Анфиска выдернула из рук Марьи тетрадку, быстренько перелистала страницы:

– Да она тут чуть ли не впрямую пишет, что у нее мальчик появился. Смотрите, еще вот такое есть: «Второго марта у меня появился он». А тут вот говорит, что назвала нового жителя Купринькой.

Генка хмыкнул:

– Ну и выдумала имечко.

Анфиска пояснила:

– Говорит, что это в честь писателя Куприна.

Генка пожал плечами:

– Еще не легче.

Лариса Анатольевна осторожно взяла у Анфиски тетрадку со словами:

– И все же это ничего не доказывает. Так и про кота можно писать, например. – Потом она пробегает быстренько по записям бабы Зои, задерживается на одной, охает: – Эта, похоже, свежая. По дате прям недавняя. Прочтите вслух, Геннадий.

Генка читает, глядя в тетрадку из-за плеча женщины из опеки. В руки не берет, словно боится заразиться от листочков в клеточку:

– Мой мальчик в большой опасности. Будто все о нас догадываются. Если его у меня заберут, я не переживу.

– Мальчик, – мерно произносит Анфиска.

– Вызывайте наряд, – почти приказывает Лариса Анатольевна участковому. Тот достает из кармана телефон. Еще через час дом оцепила полиция. Хотя к чему это оцепление: все, кто хотел сбежать, уже это сделали. Все – это баб Зоя с ребенком.
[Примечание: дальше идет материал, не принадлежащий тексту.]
text \<open>The \<open>x\<close>-exponents of the generators of \<open>J I^(l-1)\<close>: writing \<open>m = l - k\<close>, they are the
  numbers \<open>b l - b m + d i\<close> with \<open>0 < m \<le> l\<close> and \<open>i \<le> m\<close>.\<close>
lemma fst_exps_JI_iff:
  "x \<in> fst ` exps_JI d b l \<longleftrightarrow> (\<exists>i m. 0 < m \<and> m \<le> l \<and> i \<le> m \<and> x + b*m = b*l + d*i)"
proof
  assume "x \<in> fst ` exps_JI d b l"
  then obtain i j k where "i + j + k = l" "k < l" "x = d*i + b*k"
    unfolding exps_JI_def by force
  moreover have "b*k + b*(l - k) = b*l" using \<open>k < l\<close> by (simp flip: add_mult_distrib2)
  ultimately show "\<exists>i m. 0 < m \<and> m \<le> l \<and> i \<le> m \<and> x + b*m = b*l + d*i"
    by (intro exI[of _ i] exI[of _ "l - k"]) auto
next
  assume "\<exists>i m. 0 < m \<and> m \<le> l \<and> i \<le> m \<and> x + b*m = b*l + d*i"
  then obtain i m where m: "0 < m" "m \<le> l" "i \<le> m" and x: "x + b*m = b*l + d*i" by blast
  have "b*(l - m) + b*m = b*l" using m by (simp flip: add_mult_distrib2)
  then have "x = d*i + b*(l - m)" using x by linarith
  then show "x \<in> fst ` exps_JI d b l"
    using mem_exps_JI[of i "m - i" "l - m" l d b] m by force
qed

lemma corner_notin_exps_JI:
  assumes "coprime d b" "l < d" shows "b*l \<notin> fst ` exps_JI d b l"
proof
  assume "b*l \<in> fst ` exps_JI d b l"
  then obtain i m where m: "0 < m" "m \<le> l" and "b*l + b*m = b*l + d*i"
    unfolding fst_exps_JI_iff by blast
  then have "d dvd b*m" by (metis add_left_imp_eq dvd_triv_left)
  then have "d dvd m" using assms(1) by (simp add: coprime_dvd_mult_right_iff)
  then show False using m assms(2) by (auto dest: dvd_imp_le)
qed

lemma upclosed_iff_Least_le:
  fixes P :: "nat \<Rightarrow> bool"
  assumes "\<And>x y. x \<le> y \<Longrightarrow> P x \<Longrightarrow> P y" "P w"
  shows "P a \<longleftrightarrow> (LEAST x. P x) \<le> a"
proof
  assume "P a" then show "(LEAST x. P x) \<le> a" by (rule Least_le)
next
  assume "(LEAST x. P x) \<le> a"
  moreover have "P (LEAST x. P x)" using assms(2) by (rule LeastI)
  ultimately show "P a" using assms(1) by blast
qed

lemma reach_right_mono: "a \<le> a' \<Longrightarrow> reach_right d b l a \<Longrightarrow> reach_right d b l a'"
  unfolding reach_right_def by force

lemma reach_left_mono: "c \<le> c' \<Longrightarrow> reach_left d b l c \<Longrightarrow> reach_left d b l c'"
  unfolding reach_left_def by force

text \<open>The generators \<open>x^(dl)\<close> and \<open>y^(dl)\<close> of \<open>J I^(l-1)\<close> bound the gaps on either side.\<close>
lemma reach_right_witness: "b \<le> d \<Longrightarrow> 1 \<le> l \<Longrightarrow> reach_right d b l (d*l)"
  unfolding reach_right_def using mem_exps_JI[of l 0 0 l d b] by force

lemma reach_left_witness: "1 \<le> l \<Longrightarrow> reach_left d b l (b*l)"
  unfolding reach_left_def using mem_exps_JI[of 0 l 0 l d b] by force

lemma not_reach_zero:
  assumes "coprime d b" "l < d"
  shows "\<not> reach_right d b l 0" "\<not> reach_left d b l 0"
  using corner_notin_exps_JI[OF assms] unfolding reach_right_def reach_left_def by force+

lemma s_exp_small:
  assumes "b \<le> d" "coprime d b" "1 \<le> l" "l < d"
  shows "reach_right d b l a \<longleftrightarrow> s_exp K d b l \<le> a"
proof -
  have "s_exp K d b l = (LEAST a. reach_right d b l a)"
    unfolding s_exp_def var_x_pow_in_colonI[OF assms(3)] colon_cond_iff_reach[OF assms(1)]
    using not_reach_zero(2)[OF assms(2,4)] by simp
  then show ?thesis
    by (simp only:) (rule upclosed_iff_Least_le[where P="reach_right d b l", OF reach_right_mono reach_right_witness[OF assms(1,3)]])
qed

lemma t_exp_small:
  assumes "b \<le> d" "coprime d b" "1 \<le> l" "l < d"
  shows "reach_left d b l c \<longleftrightarrow> t_exp K d b l \<le> c"
proof -
  have "t_exp K d b l = (LEAST c. reach_left d b l c)"
    unfolding t_exp_def var_y_pow_in_colonI[OF assms(3)] colon_cond_iff_reach[OF assms(1)]
    using not_reach_zero(1)[OF assms(2,4)] by simp
  then show ?thesis
    by (simp only:) (rule upclosed_iff_Least_le[where P="reach_left d b l", OF reach_left_mono reach_left_witness[OF assms(3)]])
qed

lemma colonI_large:
  assumes "b \<le> d" "0 < d" "d \<le> l"
  shows "colonI d b l = (UNIV :: 'a::field poly poly set)"
    and "s_exp (K :: 'a itself) d b l = 0" "t_exp (K :: 'a itself) d b l = 0"
proof -
  have all: "colon_cond (exps_JI d b l) (exps_Ipow d b l) a c" for a c
    using colon_cond_large[OF assms(1) _ assms(3)] assms(2) by simp
  have l: "1 \<le> l" using assms(2,3) by simp
  show "colonI d b l = (UNIV :: 'a::field poly poly set)"
    by (rule set_eqI) (simp add: all colonI_iff[OF l])
  show "s_exp (K :: 'a itself) d b l = 0" "t_exp (K :: 'a itself) d b l = 0"
    by (simp_all add: all s_exp_def t_exp_def var_x_pow_in_colonI[OF l] var_y_pow_in_colonI[OF l])
qed

lemma colonI_two_generated:
  assumes "b \<le> d" "coprime d b" "0 < d" "1 \<le> l"
  shows "(colonI d b l :: 'a::field poly poly set)
           = gen_ideal {var_x ^ s_exp (K :: 'a itself) d b l, var_y ^ t_exp K d b l}"
proof (cases "d \<le> l")
  case True
  have "gen_ideal {1} = (UNIV :: 'a poly poly set)" using gen_ideal_unit by blast
  then show ?thesis using colonI_large(1)[OF assms(1,3) True] colonI_large(2,3)[OF assms(1,3) True, where K=K] by simp
next
  case False
  then have "l < d" by simp
  have "f \<in> colonI d b l \<longleftrightarrow>
          (\<forall>a c. cf f a c \<noteq> 0 \<longrightarrow> reach_right d b l a \<or> reach_left d b l c)" for f :: "'a poly poly"
    by (simp only: colonI_iff[OF assms(4)] colon_cond_iff_reach[OF assms(1)])
  also have "\<dots> f \<longleftrightarrow> (\<forall>a c. cf f a c \<noteq> 0 \<longrightarrow> s_exp K d b l \<le> a \<or> t_exp K d b l \<le> c)" for f
    by (simp only: s_exp_small[OF assms(1,2,4) \<open>l < d\<close>, where K=K]
        t_exp_small[OF assms(1,2,4) \<open>l < d\<close>, where K=K])
  finally show ?thesis by (auto simp: gen_ideal_two_monomials)
qed

lemma s_exp_eq_one_iff:
  assumes "b \<le> d" "coprime d b" "0 < d" "1 \<le> l"
  shows "s_exp K d b l = 1 \<longleftrightarrow> l < d \<and> b*l + 1 \<in> fst ` exps_JI d b l"
proof (cases "d \<le> l")
  case False
  then have ne: "fst \<alpha> \<noteq> b*l" if "\<alpha> \<in> exps_JI d b l" for \<alpha>
    using corner_notin_exps_JI[OF assms(2), of l] False that by force
  have "reach_right d b l 1 \<longleftrightarrow> b*l + 1 \<in> fst ` exps_JI d b l"
  proof
    assume "reach_right d b l 1"
    then obtain \<alpha> where \<alpha>: "\<alpha> \<in> exps_JI d b l" "b*l \<le> fst \<alpha>" "fst \<alpha> \<le> 1 + b*l"
      unfolding reach_right_def by blast
    then have "fst \<alpha> = b*l + 1" using ne[OF \<alpha>(1)] by linarith
    then show "b*l + 1 \<in> fst ` exps_JI d b l" using \<alpha>(1) by (metis image_eqI)
  next
    assume "b*l + 1 \<in> fst ` exps_JI d b l"
    then obtain \<alpha> where "\<alpha> \<in> exps_JI d b l" "fst \<alpha> = b*l + 1" by force
    then show "reach_right d b l 1" unfolding reach_right_def by (intro bexI[of _ \<alpha>]) auto
  qed
  moreover have "s_exp K d b l = 1 \<longleftrightarrow> reach_right d b l 1"
    using False s_exp_small[OF assms(1,2,4), of 1 K] s_exp_small[OF assms(1,2,4), of 0 K]
      not_reach_zero(1)[OF assms(2), of l] by auto
  ultimately show ?thesis using False by simp
qed (use colonI_large(2)[OF assms(1,3), of l K] in auto)

lemma t_exp_eq_one_iff:
  assumes "b \<le> d" "coprime d b" "0 < d" "1 \<le> l"
  shows "t_exp K d b l = 1 \<longleftrightarrow> l < d \<and> (\<exists>x \<in> fst ` exps_JI d b l. x + 1 = b*l)"
proof (cases "d \<le> l")
  case False
  then have ne: "fst \<alpha> \<noteq> b*l" if "\<alpha> \<in> exps_JI d b l" for \<alpha>
    using corner_notin_exps_JI[OF assms(2), of l] False that by force
  have "reach_left d b l 1 \<longleftrightarrow> (\<exists>x \<in> fst ` exps_JI d b l. x + 1 = b*l)"
  proof
    assume "reach_left d b l 1"
    then obtain \<alpha> where \<alpha>: "\<alpha> \<in> exps_JI d b l" "fst \<alpha> \<le> b*l" "b*l \<le> 1 + fst \<alpha>"
      unfolding reach_left_def by blast
    then have "fst \<alpha> + 1 = b*l" using ne[OF \<alpha>(1)] by linarith
    then show "\<exists>x \<in> fst ` exps_JI d b l. x + 1 = b*l" using \<alpha>(1) by blast
  next
    assume "\<exists>x \<in> fst ` exps_JI d b l. x + 1 = b*l"
    then obtain \<alpha> where "\<alpha> \<in> exps_JI d b l" "fst \<alpha> + 1 = b*l" by blast
    then show "reach_left d b l 1" unfolding reach_left_def by (intro bexI[of _ \<alpha>]) auto
  qed
  moreover have "t_exp K d b l = 1 \<longleftrightarrow> reach_left d b l 1"
    using False t_exp_small[OF assms(1,2,4), of 1 K] t_exp_small[OF assms(1,2,4), of 0 K]
      not_reach_zero(2)[OF assms(2), of l] by auto
  ultimately show ?thesis using False by simp
qed (use colonI_large(3)[OF assms(1,3), of l K] in auto)

lemma mult_residue_inj:
  fixes b d m w :: nat
  assumes "coprime b d" "m < d" "w < d" "[b*m = b*w] (mod d)"
  shows "m = w"
  using assms cong_mult_lcancel_nat cong_less_modulus_unique_nat by blast

lemma bounded_solution_iff:
  fixes b d l w p q iw :: nat
  assumes "coprime b d" "b < d" "l < d" "0 < w" "w < d" "p \<le> 1" "b*w + p = d*iw + q"
  shows "(\<exists>i m. 0 < m \<and> m \<le> l \<and> i \<le> m \<and> b*m + p = d*i + q) \<longleftrightarrow> w \<le> l"
proof
  assume "\<exists>i m. 0 < m \<and> m \<le> l \<and> i \<le> m \<and> b*m + p = d*i + q"
  then obtain i m where m: "0 < m" "m \<le> l" and eq: "b*m + p = d*i + q" by blast
  have "[b*m + p = q] (mod d)" "[q = b*w + p] (mod d)"
    using eq assms(7) by (simp_all add: cong_def)
  then have "[b*m + p = b*w + p] (mod d)" by (rule cong_trans)
  then have "[b*m = b*w] (mod d)" by (simp only: cong_add_rcancel_nat)
  then have "m = w" using mult_residue_inj assms(1,3) m(2) assms(5) by simp
  then show "w \<le> l" using m by simp
next
  assume "w \<le> l"
  have "d*iw \<le> b*w + 1" using assms(6,7) by linarith
  also have "\<dots> \<le> (b + 1)*w" using assms(4) by simp
  also have "\<dots> \<le> d*w" using assms(2) by (intro mult_right_mono) auto
  finally have "iw \<le> w" using assms(2) by simp
  then show "\<exists>i m. 0 < m \<and> m \<le> l \<and> i \<le> m \<and> b*m + p = d*i + q"
    using \<open>w \<le> l\<close> assms(4,7) by blast
qed

lemma inverse_mod_exists:
  fixes b d :: nat
  assumes "coprime b d" "2 \<le> d"
  obtains u where "0 < u" "u < d" "(b*u) mod d = 1"
proof -
  obtain x where "[b*x = 1] (mod d)" using cong_solve_coprime_nat[OF assms(1)] by auto
  then have "(b*(x mod d)) mod d = 1" using assms(2) by (simp add: cong_def mod_mult_right_eq)
  moreover have "x mod d < d" using assms(2) by simp
  moreover have "x mod d \<noteq> 0" using calculation(1) by (metis mult_0_right mod_0 zero_neq_one)
  ultimately show ?thesis using that by blast
qed

text \<open>\<open>s_l = 1\<close> happens exactly for \<open>d - u \<le> l < d\<close>: then \<open>b l + 1\<close> is an \<open>x\<close>-exponent of a
  generator of \<open>J I^(l-1)\<close>, via the solution \<open>m = d - u\<close> of \<open>b m + 1 \<equiv> 0 (mod d)\<close>.\<close>
lemma s_exp_eq_one_iff_inverse:
  assumes "b < d" "coprime d b" "2 \<le> d" "0 < u" "u < d" "(b*u) mod d = 1" "1 \<le> l"
  shows "s_exp K d b l = 1 \<longleftrightarrow> d - u \<le> l \<and> l < d"
proof -
  define i0 where "i0 = b*u div d"
  have bu: "b*u = d*i0 + 1" using div_mult_mod_eq[of "b*u" d] assms(6) unfolding i0_def
    by (simp add: mult.commute)
  have "b*(d - u) + b*u = d*b" using assms(5) by (simp flip: add_mult_distrib2)
  then have "b*(d - u) + 1 = d*b - d*i0" using bu by linarith
  then have "b*(d - u) + 1 = d*(b - i0)" by (simp add: diff_mult_distrib2)
  then have sol: "(\<exists>i m. 0 < m \<and> m \<le> l \<and> i \<le> m \<and> b*m + 1 = d*i + 0) \<longleftrightarrow> d - u \<le> l"
    if "l < d" for l
    using bounded_solution_iff[of b d l "d - u" 1 "b - i0" 0] assms(1,2,4,5) that
    by (simp add: coprime_commute)
  have mem: "b*l + 1 \<in> fst ` exps_JI d b l \<longleftrightarrow>
          (\<exists>i m. 0 < m \<and> m \<le> l \<and> i \<le> m \<and> b*m + 1 = d*i + 0)"
    unfolding fst_exps_JI_iff by (simp add: add.assoc)
  have "s_exp K d b l = 1 \<longleftrightarrow> l < d \<and> b*l + 1 \<in> fst ` exps_JI d b l"
    using assms(1-3,7) by (intro s_exp_eq_one_iff) auto
  then show ?thesis by (cases "l < d") (simp_all only: mem sol, simp_all)
qed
Полиция устроила в доме еще больший кавардак, перевернув все вверх дном в поисках улик, зацепок, чего угодно, чтобы найти мальчика и бабушку. В первую очередь – мальчика. Зацепок не нашлось. Правда, пара детских штанов да рубашек подтвердила: мальчик был. Закинутая на печь футболка с пятнами крови (на сей раз точно кровь) подтвердила слова Марьи, Анфиски и Генки о том, что с мальчиком, с Купринькой, баб Зоя обращалась жестоко. Но ничего, что помогло бы понять, где искать беглецов. Прочесали всю округу: заброшенные дома, старый колхоз, коровник, тот самый, в котором Купринька появился на свет, кусты на всякий случай, хотя понятно было, что два человека в кустах так долго и незаметно не просидят. Ни следа. Только деревню на уши поставили. Тут же потянулись зеваки, которые, сколько их ни разворачивай, ни прогоняй, настойчиво лезут: «А что тут у вас? А кого ищете? Убили кого, что ли» Для спокойной деревеньки три полицеские машины враз – это прям событие. Уже поползли слухи, что Зою Ильиничну убили. Кто-то даже знал, что зарубили топором – классическая же смерть для старушки – и теперь вот этот топор ищут, а убийца сидит где-то, и его не найдут, а это значит, еще убийства будут. И никто не предположил даже, что Зоя Ильинична сбежала, что это ее ищут, а не топор, это она прячется. Но не найдешь того, кто не хочет быть найденным. Схоронились крепко. Генка, Анфиска, Марья и Лариса Анатольевна, теперь уже вчетвером, сидели на все той же скамейке (только уже под раскрытыми ставнями), чтобы не путаться под ногами у полиции.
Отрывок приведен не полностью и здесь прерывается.